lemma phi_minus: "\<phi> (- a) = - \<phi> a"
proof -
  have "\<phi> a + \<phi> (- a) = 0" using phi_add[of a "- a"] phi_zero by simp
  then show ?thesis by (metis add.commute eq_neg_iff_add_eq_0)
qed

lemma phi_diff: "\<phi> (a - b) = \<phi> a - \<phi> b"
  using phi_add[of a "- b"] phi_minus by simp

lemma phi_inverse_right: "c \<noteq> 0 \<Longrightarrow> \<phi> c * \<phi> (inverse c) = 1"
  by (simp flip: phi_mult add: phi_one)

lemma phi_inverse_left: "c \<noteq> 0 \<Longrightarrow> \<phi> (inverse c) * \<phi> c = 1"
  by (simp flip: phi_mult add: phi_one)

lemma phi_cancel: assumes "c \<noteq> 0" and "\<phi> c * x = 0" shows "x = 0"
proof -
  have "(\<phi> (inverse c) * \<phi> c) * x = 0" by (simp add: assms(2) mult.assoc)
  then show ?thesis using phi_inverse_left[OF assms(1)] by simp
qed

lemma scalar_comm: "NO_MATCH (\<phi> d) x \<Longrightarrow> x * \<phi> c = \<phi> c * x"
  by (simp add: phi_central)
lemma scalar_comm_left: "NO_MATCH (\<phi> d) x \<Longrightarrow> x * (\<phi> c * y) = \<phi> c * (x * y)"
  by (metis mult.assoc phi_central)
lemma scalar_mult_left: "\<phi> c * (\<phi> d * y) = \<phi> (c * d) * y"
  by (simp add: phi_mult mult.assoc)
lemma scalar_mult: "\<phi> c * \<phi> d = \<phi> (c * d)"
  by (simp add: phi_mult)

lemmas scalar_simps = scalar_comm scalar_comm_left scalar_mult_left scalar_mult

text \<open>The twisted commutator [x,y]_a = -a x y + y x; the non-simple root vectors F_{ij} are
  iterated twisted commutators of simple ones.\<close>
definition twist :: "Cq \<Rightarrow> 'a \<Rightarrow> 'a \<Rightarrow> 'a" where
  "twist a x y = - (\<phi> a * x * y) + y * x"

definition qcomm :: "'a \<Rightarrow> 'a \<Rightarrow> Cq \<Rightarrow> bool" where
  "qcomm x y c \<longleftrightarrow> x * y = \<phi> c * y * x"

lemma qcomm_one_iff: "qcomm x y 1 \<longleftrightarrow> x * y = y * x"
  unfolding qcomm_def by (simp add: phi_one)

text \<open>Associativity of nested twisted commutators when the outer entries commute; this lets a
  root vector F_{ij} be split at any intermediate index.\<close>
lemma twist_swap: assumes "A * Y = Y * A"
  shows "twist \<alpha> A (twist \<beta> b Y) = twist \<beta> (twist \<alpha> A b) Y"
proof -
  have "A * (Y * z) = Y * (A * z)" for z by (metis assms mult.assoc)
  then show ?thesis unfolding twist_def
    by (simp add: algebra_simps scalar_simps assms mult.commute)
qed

...

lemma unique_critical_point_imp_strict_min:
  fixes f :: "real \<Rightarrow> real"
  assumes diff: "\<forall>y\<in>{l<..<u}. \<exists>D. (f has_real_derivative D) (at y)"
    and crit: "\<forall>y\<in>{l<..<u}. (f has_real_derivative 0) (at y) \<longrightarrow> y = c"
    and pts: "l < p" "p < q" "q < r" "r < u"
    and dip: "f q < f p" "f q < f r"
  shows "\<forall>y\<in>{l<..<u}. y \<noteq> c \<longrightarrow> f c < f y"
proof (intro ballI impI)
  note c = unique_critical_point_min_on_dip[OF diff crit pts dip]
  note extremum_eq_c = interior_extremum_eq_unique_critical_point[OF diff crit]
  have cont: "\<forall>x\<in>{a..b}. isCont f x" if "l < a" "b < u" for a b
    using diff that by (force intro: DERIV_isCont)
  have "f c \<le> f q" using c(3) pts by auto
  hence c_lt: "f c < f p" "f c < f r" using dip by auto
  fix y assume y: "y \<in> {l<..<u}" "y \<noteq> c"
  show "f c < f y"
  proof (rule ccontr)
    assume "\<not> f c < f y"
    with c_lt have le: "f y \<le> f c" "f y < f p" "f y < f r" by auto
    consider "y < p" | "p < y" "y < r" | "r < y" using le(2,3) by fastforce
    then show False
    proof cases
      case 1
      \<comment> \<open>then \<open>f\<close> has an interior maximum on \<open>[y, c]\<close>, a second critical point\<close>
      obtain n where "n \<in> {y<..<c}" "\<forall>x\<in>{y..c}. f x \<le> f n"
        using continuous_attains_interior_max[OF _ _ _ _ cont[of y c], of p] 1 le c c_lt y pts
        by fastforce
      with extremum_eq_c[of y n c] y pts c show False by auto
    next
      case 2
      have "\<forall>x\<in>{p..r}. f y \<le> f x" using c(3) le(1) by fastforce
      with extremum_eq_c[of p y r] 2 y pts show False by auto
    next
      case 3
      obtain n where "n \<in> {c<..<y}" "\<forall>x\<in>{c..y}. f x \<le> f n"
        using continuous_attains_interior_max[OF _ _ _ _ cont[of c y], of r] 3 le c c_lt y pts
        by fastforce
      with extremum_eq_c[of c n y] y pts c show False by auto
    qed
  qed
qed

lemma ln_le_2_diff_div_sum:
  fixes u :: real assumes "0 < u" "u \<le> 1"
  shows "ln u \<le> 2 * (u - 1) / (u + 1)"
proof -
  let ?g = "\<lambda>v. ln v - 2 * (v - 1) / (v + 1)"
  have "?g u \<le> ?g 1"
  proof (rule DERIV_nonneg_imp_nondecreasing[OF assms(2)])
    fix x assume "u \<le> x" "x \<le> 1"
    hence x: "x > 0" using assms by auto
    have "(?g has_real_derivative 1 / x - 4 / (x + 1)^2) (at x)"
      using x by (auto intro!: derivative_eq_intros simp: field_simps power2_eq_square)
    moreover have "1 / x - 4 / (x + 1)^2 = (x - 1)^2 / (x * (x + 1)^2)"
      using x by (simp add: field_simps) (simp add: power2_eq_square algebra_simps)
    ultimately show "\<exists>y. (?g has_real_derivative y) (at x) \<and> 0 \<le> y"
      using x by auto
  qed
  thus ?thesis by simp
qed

--

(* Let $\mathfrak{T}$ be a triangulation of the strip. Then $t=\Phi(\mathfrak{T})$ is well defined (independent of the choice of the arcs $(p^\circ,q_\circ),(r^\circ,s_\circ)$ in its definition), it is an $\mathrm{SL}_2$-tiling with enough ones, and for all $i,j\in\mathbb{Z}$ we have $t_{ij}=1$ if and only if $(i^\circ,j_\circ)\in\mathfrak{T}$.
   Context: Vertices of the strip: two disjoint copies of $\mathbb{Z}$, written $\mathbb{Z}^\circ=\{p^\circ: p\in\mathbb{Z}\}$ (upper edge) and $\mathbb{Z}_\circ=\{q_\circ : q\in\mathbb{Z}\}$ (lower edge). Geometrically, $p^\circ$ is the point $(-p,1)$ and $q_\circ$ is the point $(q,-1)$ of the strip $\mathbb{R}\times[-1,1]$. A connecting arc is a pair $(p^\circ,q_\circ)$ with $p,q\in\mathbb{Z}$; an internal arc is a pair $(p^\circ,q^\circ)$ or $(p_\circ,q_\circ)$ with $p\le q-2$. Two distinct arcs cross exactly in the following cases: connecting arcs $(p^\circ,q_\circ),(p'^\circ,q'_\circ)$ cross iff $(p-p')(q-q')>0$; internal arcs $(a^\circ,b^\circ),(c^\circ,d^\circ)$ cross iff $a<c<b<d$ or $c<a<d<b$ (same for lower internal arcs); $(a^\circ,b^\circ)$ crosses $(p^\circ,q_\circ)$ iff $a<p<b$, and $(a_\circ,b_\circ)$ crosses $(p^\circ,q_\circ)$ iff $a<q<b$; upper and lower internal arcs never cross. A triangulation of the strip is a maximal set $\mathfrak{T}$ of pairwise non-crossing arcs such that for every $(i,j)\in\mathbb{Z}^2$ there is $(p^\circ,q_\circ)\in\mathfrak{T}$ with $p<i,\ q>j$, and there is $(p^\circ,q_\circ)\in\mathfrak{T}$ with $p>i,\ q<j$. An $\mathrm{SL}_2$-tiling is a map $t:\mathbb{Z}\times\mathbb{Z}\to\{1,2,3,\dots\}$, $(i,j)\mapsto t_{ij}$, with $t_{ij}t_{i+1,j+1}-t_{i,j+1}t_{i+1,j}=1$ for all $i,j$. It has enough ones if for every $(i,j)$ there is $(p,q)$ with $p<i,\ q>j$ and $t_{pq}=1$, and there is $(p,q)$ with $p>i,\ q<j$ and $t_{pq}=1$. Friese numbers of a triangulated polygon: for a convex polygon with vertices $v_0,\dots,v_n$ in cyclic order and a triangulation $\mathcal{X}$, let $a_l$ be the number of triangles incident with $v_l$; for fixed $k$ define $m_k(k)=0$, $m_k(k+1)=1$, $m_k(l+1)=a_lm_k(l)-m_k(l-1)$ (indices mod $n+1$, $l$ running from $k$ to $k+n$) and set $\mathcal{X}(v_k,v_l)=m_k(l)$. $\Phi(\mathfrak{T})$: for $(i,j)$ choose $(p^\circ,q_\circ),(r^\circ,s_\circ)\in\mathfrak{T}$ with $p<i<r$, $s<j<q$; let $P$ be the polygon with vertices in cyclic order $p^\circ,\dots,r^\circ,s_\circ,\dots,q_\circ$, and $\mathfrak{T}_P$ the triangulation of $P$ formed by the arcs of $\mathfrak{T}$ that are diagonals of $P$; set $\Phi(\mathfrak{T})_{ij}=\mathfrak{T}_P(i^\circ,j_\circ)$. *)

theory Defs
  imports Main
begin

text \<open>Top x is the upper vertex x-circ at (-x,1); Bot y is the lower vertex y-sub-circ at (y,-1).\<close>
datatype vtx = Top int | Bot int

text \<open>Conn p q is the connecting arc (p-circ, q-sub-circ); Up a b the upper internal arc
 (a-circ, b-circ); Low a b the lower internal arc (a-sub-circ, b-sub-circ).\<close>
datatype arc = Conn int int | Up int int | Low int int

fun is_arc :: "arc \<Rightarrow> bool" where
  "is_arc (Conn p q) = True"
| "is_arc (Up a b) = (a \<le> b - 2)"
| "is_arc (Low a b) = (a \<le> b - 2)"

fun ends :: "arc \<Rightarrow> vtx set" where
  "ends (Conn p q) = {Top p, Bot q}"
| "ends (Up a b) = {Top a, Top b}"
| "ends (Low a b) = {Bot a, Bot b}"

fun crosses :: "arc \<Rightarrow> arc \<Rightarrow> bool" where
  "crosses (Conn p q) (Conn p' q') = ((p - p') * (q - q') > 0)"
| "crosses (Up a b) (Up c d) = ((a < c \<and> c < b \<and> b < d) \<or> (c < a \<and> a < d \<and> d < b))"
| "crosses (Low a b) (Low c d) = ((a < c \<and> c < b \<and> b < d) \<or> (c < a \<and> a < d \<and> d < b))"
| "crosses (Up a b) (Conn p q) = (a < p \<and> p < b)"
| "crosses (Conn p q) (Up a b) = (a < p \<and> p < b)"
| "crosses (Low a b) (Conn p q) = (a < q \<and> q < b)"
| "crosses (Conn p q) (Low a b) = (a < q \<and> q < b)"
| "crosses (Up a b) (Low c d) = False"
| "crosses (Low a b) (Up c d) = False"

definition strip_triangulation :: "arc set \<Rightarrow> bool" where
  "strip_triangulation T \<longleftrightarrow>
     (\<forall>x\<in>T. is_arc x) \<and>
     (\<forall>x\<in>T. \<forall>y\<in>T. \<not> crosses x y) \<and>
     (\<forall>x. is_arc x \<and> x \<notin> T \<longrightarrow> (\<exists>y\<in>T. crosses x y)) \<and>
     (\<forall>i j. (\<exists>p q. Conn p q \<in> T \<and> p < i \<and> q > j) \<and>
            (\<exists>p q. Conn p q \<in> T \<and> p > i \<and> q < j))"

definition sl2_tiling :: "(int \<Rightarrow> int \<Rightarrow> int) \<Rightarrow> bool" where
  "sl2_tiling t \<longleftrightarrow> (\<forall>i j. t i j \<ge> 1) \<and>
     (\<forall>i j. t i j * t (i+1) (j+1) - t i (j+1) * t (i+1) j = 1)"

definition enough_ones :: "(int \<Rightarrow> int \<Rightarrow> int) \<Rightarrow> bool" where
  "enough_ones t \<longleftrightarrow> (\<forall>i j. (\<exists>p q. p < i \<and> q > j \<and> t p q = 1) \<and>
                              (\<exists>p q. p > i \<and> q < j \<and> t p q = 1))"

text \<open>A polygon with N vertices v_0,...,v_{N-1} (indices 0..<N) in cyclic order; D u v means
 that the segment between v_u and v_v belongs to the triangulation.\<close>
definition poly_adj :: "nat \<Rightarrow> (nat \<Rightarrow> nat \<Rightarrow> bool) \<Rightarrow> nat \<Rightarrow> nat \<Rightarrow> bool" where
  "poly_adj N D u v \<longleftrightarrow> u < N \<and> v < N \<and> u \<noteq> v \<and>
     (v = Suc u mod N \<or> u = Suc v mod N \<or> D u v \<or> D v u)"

_Work request_. The expected result is a copy of each line in the records where "obtain" appears.

_Answer box_.
      obtain n where "n \<in> {y<..<c}" "\<forall>x\<in>{y..c}. f x \<le> f n"
      obtain n where "n \<in> {c<..<y}" "\<forall>x\<in>{c..y}. f x \<le> f n"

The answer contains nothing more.